At the outset of the race I was freezing (the feels like was in the 20s) but less than a mile on the course and I was like, ” why the eff do I have all these things on my body” and while I fixed that by ditching my Goodwill sweatshirt and wrapping my buff around my wrist and pushing up my sleeves, I dropped my phone and took about twenty seconds on the side of the road situating myself.

That’s the last of my complaints. My stride felt awesome, better even than last week’s magical run, and the mid 30s temperature that irked me so much before felt absolutely perfect. Derezzed came on and I pretended I was a Tron light cycle avoiding all the slower runners. Blah blah blah came on and I dedicated that to the haters in my head saying I was going too fast while I continued to tick off consistent splits right around 9:20/mile.

I passed 10k, with my fastest time running THAT distance in almost 10 years and I still felt freaking amazing. I kept waiting for the darkness to descend, as it has every year moving down Shoal Creek, yet somehow this time I kept outrunning it with those consistent splits far outpacing my current personal record from years and years ago.

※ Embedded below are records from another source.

(* Let $K$ be a division ring and $G$ a group. If $a\in K[G]$ is one-sided invertible and of rank $2$, then $a$ is invertible. Furthermore, a rank $2$ element $a$ of $K[G]$ is invertible if and only if it is of the form $a=sh(1-rg)$ for some $s,r\in K\setminus\{0\}$ and $g,h\in G$, where $g$ has finite order $n>1$ and $r^n\ne1$; in that case $a^{-1}=(1-r^n)^{-1}(1+rg+r^2g^2+\dots+r^{n-1}g^{n-1})h^{-1}s^{-1}$.
   Context: $K[G]$ is the group ring (coefficients from $K$ commute with group elements). The rank of $a\in K[G]$ is the number of group elements with nonzero coefficient in $a$. *)

theory Defs
  imports "HOL-Algebra.Multiplicative_Group"
begin

text \<open>Coefficients commute with group elements.\<close>

definition gr_supp :: "('g \<Rightarrow> 'k::division_ring) \<Rightarrow> 'g set" where
  "gr_supp a = {x. a x \<noteq> 0}"

definition gr_elem :: "('g, 'm) monoid_scheme \<Rightarrow> ('g \<Rightarrow> 'k::division_ring) \<Rightarrow> bool" where
  "gr_elem G a \<longleftrightarrow> finite (gr_supp a) \<and> gr_supp a \<subseteq> carrier G"

definition gr_rank :: "('g \<Rightarrow> 'k::division_ring) \<Rightarrow> nat" where
  "gr_rank a = card (gr_supp a)"

definition gr_mult :: "('g, 'm) monoid_scheme \<Rightarrow> ('g \<Rightarrow> 'k::division_ring) \<Rightarrow> ('g \<Rightarrow> 'k) \<Rightarrow> ('g \<Rightarrow> 'k)" where
  "gr_mult G a b = (\<lambda>z. if z \<in> carrier G
      then (\<Sum>x\<in>gr_supp a. a x * b (inv\<^bsub>G\<^esub> x \<otimes>\<^bsub>G\<^esub> z)) else 0)"

definition gr_of :: "'k::division_ring \<Rightarrow> 'g \<Rightarrow> ('g \<Rightarrow> 'k)" where
  "gr_of c g = (\<lambda>z. if z = g then c else 0)"

definition gr_one :: "('g, 'm) monoid_scheme \<Rightarrow> ('g \<Rightarrow> 'k::division_ring)" where
  "gr_one G = gr_of 1 \<one>\<^bsub>G\<^esub>"

definition gr_minus :: "('g \<Rightarrow> 'k::division_ring) \<Rightarrow> ('g \<Rightarrow> 'k) \<Rightarrow> ('g \<Rightarrow> 'k)" where
  "gr_minus a b = (\<lambda>z. a z - b z)"

definition gr_invertible :: "('g, 'm) monoid_scheme \<Rightarrow> ('g \<Rightarrow> 'k::division_ring) \<Rightarrow> bool" where
  "gr_invertible G a \<longleftrightarrow> (\<exists>b. gr_elem G b \<and> gr_mult G a b = gr_one G \<and> gr_mult G b a = gr_one G)"

definition gr_one_sided_invertible :: "('g, 'm) monoid_scheme \<Rightarrow> ('g \<Rightarrow> 'k::division_ring) \<Rightarrow> bool" where
  "gr_one_sided_invertible G a \<longleftrightarrow>
     (\<exists>b. gr_elem G b \<and> (gr_mult G a b = gr_one G \<or> gr_mult G b a = gr_one G))"

end

theory Submission
  imports Defs
begin

text \<open>Write a rank-two element as a = s h (1 - r g).  If a b = 1 (or b a = 1), the
coefficients of b along the powers of g satisfy a first-order recurrence
F (g^i) = [g^i = 1] c + r F (g^(i-1)) with c \<noteq> 0 (with r acting on the right in the
case b a = 1).  If g had infinite order, the recurrence would force infinitely many
nonzero coefficients, contradicting finite support; if g has order n, going once
around the cycle gives F 1 = c + r^n F 1, so r^n \<noteq> 1.  Conversely, the geometric
sum of the r^i g^i for i < n telescopes against 1 - r g to 1 - r^n, which yields the
explicit two-sided inverse.\<close>

lemma recurrence_support_infinite:
  fixes f :: "int \<Rightarrow> 'a::monoid_add"
  assumes \<phi>: "\<And>x. \<phi> x = 0 \<longleftrightarrow> x = 0" and c: "c \<noteq> 0"
    and rec: "\<And>i. f i = (if i = 0 then c else 0) + \<phi> (f (i - 1))"
  shows "infinite {i. f i \<noteq> 0}"
proof -
  have step: "f i \<noteq> 0 \<longleftrightarrow> f (i - 1) \<noteq> 0" if "i \<noteq> 0" for i
    using rec[of i] that \<phi> by simp
  have "f 0 \<noteq> 0 \<or> f (- 1) \<noteq> 0"
    using rec[of 0] c \<phi>[of 0] by auto
  then consider "range int \<subseteq> {i. f i \<noteq> 0}" | "range (\<lambda>k. - int k - 1) \<subseteq> {i. f i \<noteq> 0}"
  proof (elim disjE)
    assume "f 0 \<noteq> 0"
    then have "f (int k) \<noteq> 0" for k
      by (induction k) (use step in \<open>auto simp: of_nat_Suc\<close>)
    then show thesis using that(1) by blast
  next
    assume "f (- 1) \<noteq> 0"
    then have "f (- int k - 1) \<noteq> 0" for k
    proof (induction k)
      case (Suc k)
      then show ?case using step[of "- int k - 1"] by (simp add: algebra_simps)
    qed simp
    then show thesis using that(2) by blast
  qed
  moreover have "inj int" "inj (\<lambda>k::nat. - int k - 1)"
    by (auto intro: injI)
  ultimately show ?thesis
    by (metis finite_subset infinite_UNIV_nat finite_imageD)
qed

lemma periodic_recurrence_funpow_neq:
  fixes f :: "int \<Rightarrow> 'a::group_add"
  assumes rec: "\<And>i. f i = (if int n dvd i then c else 0) + \<phi> (f (i - 1))"
    and n: "n > 0" and period: "f n = f 0" and c: "c \<noteq> 0"
  shows "(\<phi> ^^ n) (f 0) \<noteq> f 0"
proof
  have "k < n \<Longrightarrow> f (int k) = (\<phi> ^^ k) (f 0)" for k
  proof (induction k)
    case (Suc k)
    have "\<not> int n dvd int (Suc k)"
      unfolding int_dvd_int_iff using Suc.prems by (simp add: nat_dvd_not_less)
    then show ?case using rec[of "int (Suc k)"] Suc by simp
  qed simp
  then have "f n = c + (\<phi> ^^ n) (f 0)"
    using rec[of n] n by (cases n) auto
  moreover assume "(\<phi> ^^ n) (f 0) = f 0"
  ultimately show False using period c by (metis add_0 add_right_cancel)
qed

lemma funpow_mult_left: "((*) x ^^ n) = (*) ((x::'a::monoid_mult) ^ n)"
  by (induction n) (simp_all add: mult.assoc)

lemma funpow_mult_right: "((\<lambda>y. y * x) ^^ n) = (\<lambda>y. y * (x::'a::monoid_mult) ^ n)"
  by (induction n) (auto simp: mult.assoc power_commutes)

context group begin

lemma gr_supp_gr_of: "gr_supp (gr_of c g) = (if c = 0 then {} else {g})"
  by (auto simp: gr_supp_def gr_of_def)

lemma gr_supp_gr_of_subset: "gr_supp (gr_of c g) \<subseteq> {g}"
  by (simp add: gr_supp_gr_of)

lemma gr_elem_gr_of: "g \<in> carrier G \<Longrightarrow> gr_elem G (gr_of c g)"
  by (simp add: gr_elem_def gr_supp_gr_of)

lemma gr_one_apply: "gr_one G z = (if z = \<one> then 1 else 0)"
  by (simp add: gr_one_def gr_of_def)

lemma gr_mult_apply:
  assumes "gr_supp a \<subseteq> S" "finite S"
  shows "gr_mult G a b z = (if z \<in> carrier G then \<Sum>x\<in>S. a x * b (inv x \<otimes> z) else 0)"
  unfolding gr_mult_def using assms
  by (auto intro!: sum.mono_neutral_left simp: gr_supp_def)

lemma gr_mult_apply_right:
  assumes b: "gr_elem G b" and S: "gr_supp a \<subseteq> S" "finite S" "S \<subseteq> carrier G"
    and z: "z \<in> carrier G"
  shows "gr_mult G b a z = (\<Sum>u\<in>S. b (z \<otimes> inv u) * a u)"
proof -
  let ?\<phi> = "\<lambda>u. z \<otimes> inv u"
  have supp_b: "finite (gr_supp b)" "gr_supp b \<subseteq> carrier G"
    using b by (auto simp: gr_elem_def)
  have inj: "inj_on ?\<phi> S"
    using S z by (intro inj_onI) (metis Units_eq Units_l_cancel inv_closed inv_inv subsetD)
  have inv_\<phi>: "inv (?\<phi> u) \<otimes> z = u" if "u \<in> carrier G" for u
    using that z by (simp add: inv_mult_group m_assoc)
  have "gr_mult G b a z = (\<Sum>x\<in>gr_supp b. b x * a (inv x \<otimes> z))"
    using z by (simp add: gr_mult_def)
  also have "\<dots> = (\<Sum>x\<in>gr_supp b \<union> ?\<phi> ` S. b x * a (inv x \<otimes> z))"
  proof (rule sum.mono_neutral_left)
    show "\<forall>x\<in>gr_supp b \<union> ?\<phi> ` S - gr_supp b. b x * a (inv x \<otimes> z) = 0"
      by (auto simp: gr_supp_def)
  qed (use supp_b S in auto)
  also have "\<dots> = (\<Sum>x\<in>?\<phi> ` S. b x * a (inv x \<otimes> z))"
  proof (rule sum.mono_neutral_right)
    show "\<forall>x\<in>gr_supp b \<union> ?\<phi> ` S - ?\<phi> ` S. b x * a (inv x \<otimes> z) = 0"
    proof
      fix x assume x: "x \<in> gr_supp b \<union> ?\<phi> ` S - ?\<phi> ` S"
      then have "x \<in> carrier G" using supp_b by auto
      then have "?\<phi> (inv x \<otimes> z) = x" using z by (simp add: inv_mult_group m_assoc[symmetric])
      then have "inv x \<otimes> z \<notin> S" using x by force
      then show "b x * a (inv x \<otimes> z) = 0" using S by (auto simp: gr_supp_def)
    qed
  qed (use supp_b S in auto)
  also have "\<dots> = (\<Sum>u\<in>S. b (z \<otimes> inv u) * a u)"
    using S inv_\<phi> by (simp add: sum.reindex[OF inj] subset_iff)
  finally show ?thesis .
qed

lemma gr_mult_gr_of_apply:
  "z \<in> carrier G \<Longrightarrow> gr_mult G (gr_of c x) b z = c * b (inv x \<otimes> z)"
  using gr_mult_apply[of "gr_of c x" "{x}" b z] gr_supp_gr_of_subset[of c x] by (simp add: gr_of_def)

lemma gr_mult_apply_gr_of:
  "gr_elem G b \<Longrightarrow> x \<in> carrier G \<Longrightarrow> z \<in> carrier G \<Longrightarrow>
    gr_mult G b (gr_of c x) z = b (z \<otimes> inv x) * c"
  using gr_mult_apply_right[of b "gr_of c x" "{x}" z] gr_supp_gr_of_subset[of c x]
  by (simp add: gr_of_def)

lemma gr_mult_two_point_apply:
  assumes "gr_supp a \<subseteq> {x, y}" "x \<noteq> y" "z \<in> carrier G"
  shows "gr_mult G a b z = a x * b (inv x \<otimes> z) + a y * b (inv y \<otimes> z)"
  using gr_mult_apply[OF assms(1)] assms(2,3) by simp

lemma gr_mult_apply_two_point:
  assumes "gr_elem G b" "gr_supp a \<subseteq> {x, y}" "x \<noteq> y"
    "x \<in> carrier G" "y \<in> carrier G" "z \<in> carrier G"
  shows "gr_mult G b a z = b (z \<otimes> inv x) * a x + b (z \<otimes> inv y) * a y"
  using gr_mult_apply_right[OF assms(1,2)] assms(3-6) by simp

lemma gr_elem_gr_mult:
  assumes a: "gr_elem G a" and b: "gr_elem G b"
  shows "gr_elem G (gr_mult G a b)"
proof -
  have "gr_supp (gr_mult G a b) \<subseteq> (\<lambda>(x, y). x \<otimes> y) ` (gr_supp a \<times> gr_supp b)"
  proof
    fix z assume z: "z \<in> gr_supp (gr_mult G a b)"
    then have zG: "z \<in> carrier G" and "(\<Sum>x\<in>gr_supp a. a x * b (inv x \<otimes> z)) \<noteq> 0"
      by (auto simp: gr_supp_def gr_mult_def split: if_splits)
    then obtain x where x: "x \<in> gr_supp a" "a x * b (inv x \<otimes> z) \<noteq> 0"
      by (meson sum.not_neutral_contains_not_neutral)
    then have "x \<in> carrier G" "inv x \<otimes> z \<in> gr_supp b"
      using a by (auto simp: gr_elem_def gr_supp_def)
    moreover have "z = x \<otimes> (inv x \<otimes> z)"
      using \<open>x \<in> carrier G\<close> zG by (simp add: m_assoc[symmetric])
    ultimately show "z \<in> (\<lambda>(x, y). x \<otimes> y) ` (gr_supp a \<times> gr_supp b)"
      using x(1) by force
  qed
  then have "finite (gr_supp (gr_mult G a b))"
    using a b by (auto simp: gr_elem_def intro: finite_subset)
  moreover have "gr_supp (gr_mult G a b) \<subseteq> carrier G"
    by (auto simp: gr_supp_def gr_mult_def)
  ultimately show ?thesis
    by (simp add: gr_elem_def)
qed

lemma gr_of_mult_one_minus_apply:
  assumes "h \<in> carrier G" "g \<in> carrier G" "z \<in> carrier G"
  shows "gr_mult G (gr_of s h) (gr_minus (gr_one G) (gr_of r g)) z =
    (if z = h then s else 0) - (if z = h \<otimes> g then s * r else 0)"
  unfolding gr_mult_gr_of_apply[OF assms(3)]
  using assms by (simp add: gr_minus_def gr_one_apply gr_of_def inv_solve_left' right_diff_distrib)

lemma gr_supp_gr_of_mult_one_minus:
  assumes "h \<in> carrier G" "g \<in> carrier G"
  shows "gr_supp (gr_mult G (gr_of s h) (gr_minus (gr_one G) (gr_of r g))) \<subseteq> {h, h \<otimes> g}"
proof
  fix z assume z: "z \<in> gr_supp (gr_mult G (gr_of s h) (gr_minus (gr_one G) (gr_of r g)))"
  then have "z \<in> carrier G" by (auto simp: gr_supp_def gr_mult_def split: if_splits)
  with z assms show "z \<in> {h, h \<otimes> g}"
    by (auto simp: gr_supp_def gr_of_mult_one_minus_apply split: if_splits)
qed

lemma rank_two_decompose:
  fixes a :: "'a \<Rightarrow> 'k::division_ring"
  assumes a: "gr_elem G a" and rank: "gr_rank a = 2"
  obtains x g where "x \<in> carrier G" "g \<in> carrier G" "g \<noteq> \<one>" "gr_supp a = {x, x \<otimes> g}"
    "a = gr_mult G (gr_of (a x) x) (gr_minus (gr_one G) (gr_of (- (inverse (a x) * a (x \<otimes> g))) g))"
proof -
  obtain x y where xy: "gr_supp a = {x, y}" "x \<noteq> y"
    using rank by (auto simp: gr_rank_def card_2_iff)
  then have xG: "x \<in> carrier G" and yG: "y \<in> carrier G"
    using a by (auto simp: gr_elem_def)
  define g where "g = inv x \<otimes> y"
  have g: "g \<in> carrier G" "g \<noteq> \<one>" and y: "y = x \<otimes> g"
    using xG yG xy(2) by (auto simp: g_def m_assoc[symmetric] inv_solve_left')
  have supp: "gr_supp a = {x, x \<otimes> g}"
    using xy(1) y by simp
  have ax: "a x \<noteq> 0"
    using supp by (auto simp: gr_supp_def)
  have "a = gr_mult G (gr_of (a x) x) (gr_minus (gr_one G) (gr_of (- (inverse (a x) * a (x \<otimes> g))) g))"
  proof (rule ext)
    fix z
    show "a z = gr_mult G (gr_of (a x) x) (gr_minus (gr_one G) (gr_of (- (inverse (a x) * a (x \<otimes> g))) g)) z"
    proof (cases "z \<in> carrier G")
      case True
      have "a x * - (inverse (a x) * a (x \<otimes> g)) = - a (x \<otimes> g)"
        using ax by (simp add: mult.assoc[symmetric])
      moreover have "a z = 0" if "z \<noteq> x" "z \<noteq> x \<otimes> g"
        using supp that by (auto simp: gr_supp_def)
      ultimately show ?thesis
        using True xG g by (simp add: gr_of_mult_one_minus_apply)
    next
      case False
      then show ?thesis
        using a by (auto simp: gr_elem_def gr_supp_def gr_mult_def)
    qed
  qed
  from that[OF xG g supp this] show thesis .
qed

definition geom_series :: "'k::division_ring \<Rightarrow> 'a \<Rightarrow> 'a \<Rightarrow> 'k" where
  "geom_series r g = (\<lambda>t. \<Sum>i<ord g. gr_of (r ^ i) (g [^] i) t)"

Around mile 9 it was no longer playtime, the hills began to appear, but I was ready for some pain.  Four more miles like this, I said.  Starboy came on (stars!), which is a terrible song if you listen to the lyrics but for some reason makes me MOVE and I found another gear to power up the hills that usually defeat me.  Then mile 10 was roooooough with another longer hill, but my random playlist struck back with Devil Went Down to Georgia (metal cover), and while that was my worst split of the day at 9:37/mile, it was still highly below PR pace.  As I did the math all I had to do was just hang the eff on.  I was so close I could taste it.  I hurt, but not insurmountably, and I was not going to let this slip through my fingers, not this time, no way in hell.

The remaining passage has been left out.